Craps Martingale Subclass

class CrapsMartingale

The CrapsMartingale class is a subclass of CrapsPlayer who places bets in Craps. This player doubles their Pass Line Odds bet on every loss and resets their Pass Line Odds bet to a base amount on each win.

Fields

CrapsPlayer.lossCount

The number of losses. This is the number of times to double the pass line odds bet.

CrapsPlayer.betMultiple

The the bet multiplier, based on the number of losses. This starts at 1, and is reset to 1 on each win. It is doubled in each loss. This is always set so that betMultiple = 2^{lossCount}.

Methods

CrapsPlayer.placeBets(self) → bool

If no Pass Line bet is present, this will update the Table with a bet on the Pass Line at the base bet amount.

If no Pass Line Odds bet is present, this will update the Table object with a Pass Line Odds bet. The amount is the base amount times the betMultiple.

Otherwise, this method does not place an additional bet.

CrapsPlayer.win(self, bet: Bet) → None
Parameters

bet (Bet) – that was a winner

Uses the superclass win() method to update the stake with an amount won. This method then resets the lossCount to zero, and resets the betMultiple to 1.

CrapsPlayer.lose(self, bet: Bet) → None
Parameters

bet (Bet) – that was a loser

Increments lossCount by 1 and doubles betMultiple.

Craps Player Deliverables

There are six deliverables for this exercise.

  • The CrapsPlayer abstract superclass.
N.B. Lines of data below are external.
definition coarsely_connected :: "'v set \<Rightarrow> ('v \<times> 'v) set \<Rightarrow> nat \<Rightarrow> 'v set \<Rightarrow> bool" where
  "coarsely_connected V E \<mu> Z \<longleftrightarrow>
     (\<forall>x\<in>Z. \<forall>y\<in>Z. (x, y) \<in> {(a, b). a \<in> Z \<and> b \<in> Z \<and> dist_le V E \<mu> a b}\<^sup>*)"

definition connected_graph :: "'v set \<Rightarrow> ('v \<times> 'v) set \<Rightarrow> bool" where
  "connected_graph V E \<longleftrightarrow> (\<forall>x\<in>V. \<forall>y\<in>V. \<exists>n. dist_le V E n x y)"

definition narrow_graph :: "'v set \<Rightarrow> ('v \<times> 'v) set \<Rightarrow> bool" where
  "narrow_graph V E \<longleftrightarrow> connected_graph V E \<and> unbounded_set V E V \<and>
     (\<forall>\<mu>::nat. \<mu> \<ge> 1 \<longrightarrow> (\<exists>L::nat. \<forall>Z :: nat \<Rightarrow> 'v set.
        (\<forall>i\<le>L. Z i \<subseteq> V \<and> unbounded_set V E (Z i) \<and> coarsely_connected V E \<mu> (Z i))
        \<longrightarrow> (\<exists>i\<le>L. \<exists>j\<le>L. i \<noteq> j \<and> Z i \<inter> Z j \<noteq> {})))"

definition schreier_edges :: "('a, 'b) monoid_scheme \<Rightarrow> 'a set \<Rightarrow> 'a set \<Rightarrow> ('a set \<times> 'a set) set" where
  "schreier_edges G H S =
     (let E0 = {(H #>\<^bsub>G\<^esub> g, H #>\<^bsub>G\<^esub> (g \<otimes>\<^bsub>G\<^esub> s)) | g s. g \<in> carrier G \<and> s \<in> S}
      in E0 \<union> E0\<inverse>)"

definition narrow_coset_space :: "('a, 'b) monoid_scheme \<Rightarrow> 'a set \<Rightarrow> bool" where
  "narrow_coset_space G H \<longleftrightarrow>
     (\<exists>S. finite S \<and> S \<subseteq> carrier G \<and> generate G S = carrier G \<and>
          narrow_graph (rcosets\<^bsub>G\<^esub> H) (schreier_edges G H S))"

end

theory Submission
  imports Defs
begin

text \<open>Suppose both indices are infinite and fix a finite generating set \<open>S\<close>. By Zorn's lemma
  there is a set \<open>T\<close> of representatives of the right cosets \<open>K\<backslash>G\<close> that contains \<open>1\<close> and
  spans a connected subgraph of \<open>Cay(G,S)\<close>: a maximal such partial transversal meets every coset,
  because it can always be grown along a generator. For \<open>k \<in> K\<close> the translate \<open>Hk T\<close> of \<open>T\<close>
  in \<open>H\<backslash>G\<close> is then \<open>1\<close>-coarsely connected, and it is unbounded since it projects onto the
  infinite set \<open>K\<backslash>G\<close> while bounded sets in the locally finite Schreier graph are finite.
  Translates by \<open>k, k'\<close> with \<open>Hk \<noteq> Hk'\<close> are disjoint, as \<open>T\<close> meets each \<open>K\<close>-coset once.
  Infinitely many cosets \<open>Hk\<close> in \<open>K\<close> thus contradict narrowness of \<open>H\<backslash>G\<close>.\<close>

fun word_ball :: "('a, 'b) monoid_scheme \<Rightarrow> 'a set \<Rightarrow> nat \<Rightarrow> 'a set" where
  "word_ball G S 0 = {\<one>\<^bsub>G\<^esub>}"
| "word_ball G S (Suc n) = word_ball G S n \<union> (word_ball G S n <#>\<^bsub>G\<^esub> (S \<union> m_inv G ` S))"

definition cayley_edges_on :: "('a, 'b) monoid_scheme \<Rightarrow> 'a set \<Rightarrow> 'a set \<Rightarrow> ('a \<times> 'a) set" where
  "cayley_edges_on G S T = {(a, b). a \<in> T \<and> b \<in> T \<and> (\<exists>s\<in>S. b = a \<otimes>\<^bsub>G\<^esub> s \<or> a = b \<otimes>\<^bsub>G\<^esub> s)}"

definition connected_partial_transversal ::
    "('a, 'b) monoid_scheme \<Rightarrow> 'a set \<Rightarrow> 'a set \<Rightarrow> 'a set \<Rightarrow> bool" where
  "connected_partial_transversal G S K T \<longleftrightarrow>
     T \<subseteq> carrier G \<and> \<one>\<^bsub>G\<^esub> \<in> T \<and> inj_on (\<lambda>g. K #>\<^bsub>G\<^esub> g) T \<and>
     (\<forall>t\<in>T. (\<one>\<^bsub>G\<^esub>, t) \<in> (cayley_edges_on G S T)\<^sup>*)"

lemma cayley_edges_on_mono: "T \<subseteq> T' \<Longrightarrow> cayley_edges_on G S T \<subseteq> cayley_edges_on G S T'"
  unfolding cayley_edges_on_def by auto

lemma sym_cayley_edges_on: "sym (cayley_edges_on G S T)"
  unfolding cayley_edges_on_def sym_def by auto

lemma narrow_graph_family_intersect:
  fixes Z :: "nat \<Rightarrow> 'v set"
  assumes "narrow_graph V E" and "\<mu> \<ge> 1"
    and "\<And>i. Z i \<subseteq> V" "\<And>i. unbounded_set V E (Z i)" "\<And>i. coarsely_connected V E \<mu> (Z i)"
  shows "\<exists>i j. i \<noteq> j \<and> Z i \<inter> Z j \<noteq> {}"
proof -
  obtain L where "\<forall>i\<le>L. Z i \<subseteq> V \<and> unbounded_set V E (Z i) \<and> coarsely_connected V E \<mu> (Z i)
      \<Longrightarrow> \<exists>i\<le>L. \<exists>j\<le>L. i \<noteq> j \<and> Z i \<inter> Z j \<noteq> {}"
    using assms(1,2) unfolding narrow_graph_def by metis
  then show ?thesis using assms(3-5) by blast
qed

context group
begin

lemma word_ball_finite: "finite S \<Longrightarrow> finite (word_ball G S n)"
  by (induction n) (auto simp: set_mult_def)

lemma word_ball_carrier: "S \<subseteq> carrier G \<Longrightarrow> word_ball G S n \<subseteq> carrier G"
proof (induction n)
  case (Suc n)
  then show ?case using setmult_subset_G[of "word_ball G S n" "S \<union> m_inv G ` S"] by auto
qed simp

lemma word_ball_Suc_mult:
  "w \<in> word_ball G S n \<Longrightarrow> u \<in> S \<union> m_inv G ` S \<Longrightarrow> w \<otimes> u \<in> word_ball G S (Suc n)"
  by (force simp: set_mult_def)

lemma rcos_eq_mult_right:
  assumes "M \<subseteq> carrier G" "x \<in> carrier G" "y \<in> carrier G" "h \<in> carrier G" "M #> x = M #> y"
  shows "M #> (x \<otimes> h) = M #> (y \<otimes> h)"
  using assms by (metis coset_mult_assoc)

lemma set_mult_subgroup_absorb:
  assumes "subgroup H G" "subgroup K G" "H \<subseteq> K"
  shows "K <#> H = K"
proof
  show "K <#> H \<subseteq> K"
    using mono_set_mult[OF order_refl assms(3)] subgroup_mult_id[OF assms(2)] by blast
  show "K \<subseteq> K <#> H"
    using subgroup.one_closed[OF assms(1)] subgroup.subset[OF assms(2)]
    unfolding set_mult_def by force
qed

lemma set_mult_rcos_project:
  assumes "subgroup H G" "subgroup K G" "H \<subseteq> K" "x \<in> carrier G"
  shows "K <#> (H #> x) = K #> x"
  using assms setmult_rcos_assoc set_mult_subgroup_absorb subgroup.subset by metis

lemma schreier_neighbour:
  assumes H: "H \<subseteq> carrier G" and S: "S \<subseteq> carrier G" and x: "x \<in> carrier G"
    and "(H #> x, c) \<in> schreier_edges G H S"
  shows "\<exists>u\<in>S \<union> m_inv G ` S. c = H #> (x \<otimes> u)"
proof -
  from assms(4) consider
      g s where "g \<in> carrier G" "s \<in> S" "H #> x = H #> g" "c = H #> (g \<otimes> s)"
    | g s where "g \<in> carrier G" "s \<in> S" "c = H #> g" "H #> x = H #> (g \<otimes> s)"
    unfolding schreier_edges_def Let_def by blast
  then show ?thesis
  proof cases
    case (1 g s)
    then have "c = H #> (x \<otimes> s)" using rcos_eq_mult_right[OF H x] S by auto
    then show ?thesis using 1 by blast
  next
    case (2 g s)
    then have s: "s \<in> carrier G" using S by blast
    with 2 have "H #> (x \<otimes> inv s) = H #> (g \<otimes> s \<otimes> inv s)"
      using rcos_eq_mult_right[OF H x] by simp
    also have "\<dots> = c" using 2 s by (simp add: m_assoc)
    finally show ?thesis using 2 by blast
  qed
qed

lemma schreier_walk_word_ball:
  assumes H: "H \<subseteq> carrier G" and S: "S \<subseteq> carrier G" and a: "a \<in> carrier G"
    and "dist_le (rcosets H) (schreier_edges G H S) n (H #> a) c"
  shows "\<exists>w\<in>word_ball G S n. c = H #> (a \<otimes> w)"
  using assms(4) unfolding dist_le_def
proof (induction n arbitrary: c)
  case 0
  then show ?case using a by simp
next
  case (Suc n)
  then obtain c' where walk: "(H #> a, c') \<in> (schreier_edges G H S \<union> Id_on (rcosets H)) ^^ n"
    and step: "(c', c) \<in> schreier_edges G H S \<union> Id_on (rcosets H)" by auto
  obtain w where w: "w \<in> word_ball G S n" "c' = H #> (a \<otimes> w)" using Suc.IH[OF walk] by blast
  have wc: "w \<in> carrier G" using w(1) word_ball_carrier[OF S] by blast
  show ?case
  proof (cases "c = c'")
    case True
    then show ?thesis using w by auto
  next
    case False
    then have "(H #> (a \<otimes> w), c) \<in> schreier_edges G H S" using step w(2) by blast
    then obtain u where u: "u \<in> S \<union> m_inv G ` S" "c = H #> (a \<otimes> w \<otimes> u)"
      using schreier_neighbour[OF H S] a wc by blast
    then have "c = H #> (a \<otimes> (w \<otimes> u))" using S a wc by (auto simp: m_assoc)
    then show ?thesis using word_ball_Suc_mult[OF w(1) u(1)] by blast
  qed
qed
Since this class doesn’t have a body for the placeBets() method, it can’t be unit tested directly.

  • A CrapsPlayerPass class that is a proper subclass of the CrapsPlayer class, but simply places bets on Pass Line until the stake is exhausted.

  • A unit test class for the CrapsPlayerPass class. This test should synthesize a fixed list of Outcome instances, Throw instances, and calls a CrapsPlayerPass instance with various sequences of craps, naturals and points to assure that the pass line bet is made appropriately.

  • The CrapsMartingale subclass of the CrapsPlayer class.

  • A unit test class for the CrapsMartingale class. This test should synthesize a fixed list of Outcome instances, Throw objects, and calls a CrapsMartingale instance with various sequences of craps, naturals and points to assure that the bet doubles appropriately on each loss, and is reset on each win.

  • The unit test class for the CrapsGame class should still work with the new CrapsPlayerPass class. Using a non-random generator for the Dice instance, this should be able to confirm correct operation of the CrapsGame class for a number of bets.

Looking Forward

Once we have the basics of a player, we can do some design cleanup and refactoring of the code. We have a large number of classes, and there are some areas of overlap and commonality that suggest possible simplifications. In the next chapter we’ll refactor some more of the application class hierarchy.